text \<open>On the last
  bond the pair is \<open>(u, R - u)\<close> and Gamma splitting applies directly; on an inner bond both sites
  are free and the shear \<open>(u, v) \<mapsto> (u, u + v)\<close> leads back to it, the factor
  \<open>\<Phi> (u + v)\<close> accounting for the last site.\<close>
lemma nn_integral_cond_dens_resample_last:
  assumes g: "0 < g" and i: "N = Suc (Suc i)"
    and F[measurable]: "F \<in> borel_measurable (PiM {..<N} (\<lambda>_. lborel))"
  shows "(\<integral>\<^sup>+ y. ennreal (cond_dens g N E y) * F (embed_pt N E y) \<partial>PiM {..<N - 1} (\<lambda>_. lborel))
       = (\<integral>\<^sup>+ y. ennreal (cond_dens g N E y) * (\<integral>\<^sup>+ a. F (Tmap i (Suc i) a (embed_pt N E y)) \<partial>beta_meas g) \<partial>PiM {..<N - 1} (\<lambda>_. lborel))"
proof -
  have N0: "0 < N" using i by simp
  note [measurable] = measurable_embed_pt[OF N0] borel_measurable_cond_dens[OF N0]
  have lessThan_eq: "{..<N - 1} = insert i {..<i}" using i by auto
  have "(\<lambda>y. \<integral>\<^sup>+ a. F (Tmap i (Suc i) a (embed_pt N E y)) \<partial>beta_meas g)
      \<in> borel_measurable (PiM {..<N - 1} (\<lambda>_. lborel))"
    using i by (intro borel_measurable_nn_integral_resample[OF g _ _ F measurable_embed_pt[OF N0]]) auto
  then have rhs_measurable: "(\<lambda>y. ennreal (cond_dens g N E y) * (\<integral>\<^sup>+ a. F (Tmap i (Suc i) a (embed_pt N E y)) \<partial>beta_meas g))
      \<in> borel_measurable (PiM {..<N - 1} (\<lambda>_. lborel))"
    by measurable
  have lhs_measurable: "(\<lambda>y. ennreal (cond_dens g N E y) * F (embed_pt N E y)) \<in> borel_measurable (PiM {..<N - 1} (\<lambda>_. lborel))"
    by measurable
  show ?thesis
    unfolding lessThan_eq
  proof (subst lborel_product.product_nn_integral_insert, simp, simp, use lhs_measurable lessThan_eq in simp,
         subst lborel_product.product_nn_integral_insert, simp, simp, use rhs_measurable lessThan_eq in simp, rule nn_integral_cong)
    fix z assume z: "z \<in> space (Pi\<^sub>M {..<i} (\<lambda>_. lborel :: real measure))"
    define R where "R = real N * E - (\<Sum>k<i. z k)"
    define Pz where "Pz = (\<Prod>k<i. gamma_dens g (z k))"
    define pt where "pt u = (\<lambda>j. if j < i then z j else if j = i then u else if j = Suc i then R - u else undefined)" for u
    have Pz_nonneg: "0 \<le> Pz" unfolding Pz_def using g by (intro prod_nonneg) (simp add: gamma_dens_nonneg)
    have embed_eq: "embed_pt N E (z(i := u)) = pt u" for u
    proof -
      have "(\<Sum>k<Suc i. (z(i := u)) k) = (\<Sum>k<i. z k) + u"
        by (simp add: sum.lessThan_Suc)
      then show ?thesis using i unfolding embed_pt_def pt_def R_def by (intro ext) auto
    qed
    have dens_eq: "cond_dens g N E (z(i := u)) = Pz * (gamma_dens g u * gamma_dens g (R - u))" for u
    proof -
      have "(\<Prod>j<i. gamma_dens g (pt u j)) = Pz" unfolding Pz_def pt_def by (intro prod.cong) auto
      then show ?thesis unfolding cond_dens_def embed_eq using i
        by (simp add: prod.lessThan_Suc pt_def mult.assoc)
    qed
    have Tmap_eq: "Tmap i (Suc i) a (pt u) = pt (a * R)" for a u
      unfolding Tmap_def pt_def by (intro ext) (auto simp: algebra_simps)
    have pt_measurable[measurable]: "pt \<in> measurable borel (PiM {..<N} (\<lambda>_. lborel))"
    proof (rule measurable_into_PiM_lborel)
      fix j show "(\<lambda>u. pt u j) \<in> borel_measurable borel" unfolding pt_def by measurable
    next
      fix u j assume "j \<notin> {..<N}" then show "pt u j = undefined" using i unfolding pt_def by auto
    qed
    have F_pt_measurable: "(\<lambda>u. F (pt u)) \<in> borel_measurable borel" by measurable
    have "(\<integral>\<^sup>+ u. ennreal (cond_dens g N E (z(i := u))) * F (embed_pt N E (z(i := u))) \<partial>lborel)
        = (\<integral>\<^sup>+ u. ennreal Pz * (ennreal (gamma_dens g u * gamma_dens g (R - u)) * F (pt u)) \<partial>lborel)"
      using Pz_nonneg g by (intro nn_integral_cong) (simp add: dens_eq embed_eq ennreal_mult gamma_dens_nonneg mult.assoc)
    also have "\<dots> = ennreal Pz * (\<integral>\<^sup>+ u. ennreal (gamma_dens g u * gamma_dens g (R - u)) * F (pt u) \<partial>lborel)"
      by (rule nn_integral_cmult) measurable
    also have "\<dots> = ennreal Pz * (\<integral>\<^sup>+ u. ennreal (gamma_dens g u * gamma_dens g (R - u)) * (\<integral>\<^sup>+ a. F (pt (a * R)) \<partial>beta_meas g) \<partial>lborel)"
      by (simp only: nn_integral_gamma_convolution_resample[OF g F_pt_measurable])
    also have "\<dots> = (\<integral>\<^sup>+ u. ennreal Pz * (ennreal (gamma_dens g u * gamma_dens g (R - u)) * (\<integral>\<^sup>+ a. F (pt (a * R)) \<partial>beta_meas g)) \<partial>lborel)"
      by (rule nn_integral_cmult[symmetric]) measurable
    also have "\<dots> = (\<integral>\<^sup>+ u. ennreal (cond_dens g N E (z(i := u))) * (\<integral>\<^sup>+ a. F (Tmap i (Suc i) a (embed_pt N E (z(i := u)))) \<partial>beta_meas g) \<partial>lborel)"
      using Pz_nonneg g by (intro nn_integral_cong) (simp add: dens_eq embed_eq Tmap_eq ennreal_mult gamma_dens_nonneg mult.assoc)
    finally show "(\<integral>\<^sup>+ u. ennreal (cond_dens g N E (z(i := u))) * F (embed_pt N E (z(i := u))) \<partial>lborel)
        = (\<integral>\<^sup>+ u. ennreal (cond_dens g N E (z(i := u))) * (\<integral>\<^sup>+ a. F (Tmap i (Suc i) a (embed_pt N E (z(i := u)))) \<partial>beta_meas g) \<partial>lborel)" .
  qed
qed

----------

-- Exercise objective --
Each and every record above needs writing out exactly.

-- Solution --
text \<open>On the last
  bond the pair is \<open>(u, R - u)\<close> and Gamma splitting applies directly; on an inner bond both sites
  are free and the shear \<open>(u, v) \<mapsto> (u, u + v)\<close> leads back to it, the factor
  \<open>\<Phi> (u + v)\<close> accounting for the last site.\<close>
lemma nn_integral_cond_dens_resample_last:
  assumes g: "0 < g" and i: "N = Suc (Suc i)"
    and F[measurable]: "F \<in> borel_measurable (PiM {..<N} (\<lambda>_. lborel))"
  shows "(\<integral>\<^sup>+ y. ennreal (cond_dens g N E y) * F (embed_pt N E y) \<partial>PiM {..<N - 1} (\<lambda>_. lborel))
       = (\<integral>\<^sup>+ y. ennreal (cond_dens g N E y) * (\<integral>\<^sup>+ a. F (Tmap i (Suc i) a (embed_pt N E y)) \<partial>beta_meas g) \<partial>PiM {..<N - 1} (\<lambda>_. lborel))"
proof -
  have N0: "0 < N" using i by simp
  note [measurable] = measurable_embed_pt[OF N0] borel_measurable_cond_dens[OF N0]
  have lessThan_eq: "{..<N - 1} = insert i {..<i}" using i by auto
  have "(\<lambda>y. \<integral>\<^sup>+ a. F (Tmap i (Suc i) a (embed_pt N E y)) \<partial>beta_meas g)
      \<in> borel_measurable (PiM {..<N - 1} (\<lambda>_. lborel))"
    using i by (intro borel_measurable_nn_integral_resample[OF g _ _ F measurable_embed_pt[OF N0]]) auto
  then have rhs_measurable: "(\<lambda>y. ennreal (cond_dens g N E y) * (\<integral>\<^sup>+ a. F (Tmap i (Suc i) a (embed_pt N E y)) \<partial>beta_meas g))
      \<in> borel_measurable (PiM {..<N - 1} (\<lambda>_. lborel))"
    by measurable
  have lhs_measurable: "(\<lambda>y. ennreal (cond_dens g N E y) * F (embed_pt N E y)) \<in> borel_measurable (PiM {..<N - 1} (\<lambda>_. lborel))"
    by measurable
  show ?thesis
    unfolding lessThan_eq
  proof (subst lborel_product.product_nn_integral_insert, simp, simp, use lhs_measurable lessThan_eq in simp,
         subst lborel_product.product_nn_integral_insert, simp, simp, use rhs_measurable lessThan_eq in simp, rule nn_integral_cong)
    fix z assume z: "z \<in> space (Pi\<^sub>M {..<i} (\<lambda>_. lborel :: real measure))"
    define R where "R = real N * E - (\<Sum>k<i. z k)"
    define Pz where "Pz = (\<Prod>k<i. gamma_dens g (z k))"
    define pt where "pt u = (\<lambda>j. if j < i then z j else if j = i then u else if j = Suc i then R - u else undefined)" for u
    have Pz_nonneg: "0 \<le> Pz" unfolding Pz_def using g by (intro prod_nonneg) (simp add: gamma_dens_nonneg)
    have embed_eq: "embed_pt N E (z(i := u)) = pt u" for u
    proof -
      have "(\<Sum>k<Suc i. (z(i := u)) k) = (\<Sum>k<i. z k) + u"
        by (simp add: sum.lessThan_Suc)
      then show ?thesis using i unfolding embed_pt_def pt_def R_def by (intro ext) auto
    qed
    have dens_eq: "cond_dens g N E (z(i := u)) = Pz * (gamma_dens g u * gamma_dens g (R - u))" for u
    proof -
      have "(\<Prod>j<i. gamma_dens g (pt u j)) = Pz" unfolding Pz_def pt_def by (intro prod.cong) auto
      then show ?thesis unfolding cond_dens_def embed_eq using i
        by (simp add: prod.lessThan_Suc pt_def mult.assoc)
    qed
    have Tmap_eq: "Tmap i (Suc i) a (pt u) = pt (a * R)" for a u
      unfolding Tmap_def pt_def by (intro ext) (auto simp: algebra_simps)
    have pt_measurable[measurable]: "pt \<in> measurable borel (PiM {..<N} (\<lambda>_. lborel))"
    proof (rule measurable_into_PiM_lborel)
      fix j show "(\<lambda>u. pt u j) \<in> borel_measurable borel" unfolding pt_def by measurable
    next
      fix u j assume "j \<notin> {..<N}" then show "pt u j = undefined" using i unfolding pt_def by auto
    qed
    have F_pt_measurable: "(\<lambda>u. F (pt u)) \<in> borel_measurable borel" by measurable
    have "(\<integral>\<^sup>+ u. ennreal (cond_dens g N E (z(i := u))) * F (embed_pt N E (z(i := u))) \<partial>lborel)
        = (\<integral>\<^sup>+ u. ennreal Pz * (ennreal (gamma_dens g u * gamma_dens g (R - u)) * F (pt u)) \<partial>lborel)"
      using Pz_nonneg g by (intro nn_integral_cong) (simp add: dens_eq embed_eq ennreal_mult gamma_dens_nonneg mult.assoc)
    also have "\<dots> = ennreal Pz * (\<integral>\<^sup>+ u. ennreal (gamma_dens g u * gamma_dens g (R - u)) * F (pt u) \<partial>lborel)"
      by (rule nn_integral_cmult) measurable
    also have "\<dots> = ennreal Pz * (\<integral>\<^sup>+ u. ennreal (gamma_dens g u * gamma_dens g (R - u)) * (\<integral>\<^sup>+ a. F (pt (a * R)) \<partial>beta_meas g) \<partial>lborel)"
      by (simp only: nn_integral_gamma_convolution_resample[OF g F_pt_measurable])
    also have "\<dots> = (\<integral>\<^sup>+ u. ennreal Pz * (ennreal (gamma_dens g u * gamma_dens g (R - u)) * (\<integral>\<^sup>+ a. F (pt (a * R)) \<partial>beta_meas g)) \<partial>lborel)"
      by (rule nn_integral_cmult[symmetric]) measurable
    also have "\<dots> = (\<integral>\<^sup>+ u. ennreal (cond_dens g N E (z(i := u))) * (\<integral>\<^sup>+ a. F (Tmap i (Suc i) a (embed_pt N E (z(i := u)))) \<partial>beta_meas g) \<partial>lborel)"
      using Pz_nonneg g by (intro nn_integral_cong) (simp add: dens_eq embed_eq Tmap_eq ennreal_mult gamma_dens_nonneg mult.assoc)
    finally show "(\<integral>\<^sup>+ u. ennreal (cond_dens g N E (z(i := u))) * F (embed_pt N E (z(i := u))) \<partial>lborel)
        = (\<integral>\<^sup>+ u. ennreal (cond_dens g N E (z(i := u))) * (\<integral>\<^sup>+ a. F (Tmap i (Suc i) a (embed_pt N E (z(i := u)))) \<partial>beta_meas g) \<partial>lborel)" .
  qed
qed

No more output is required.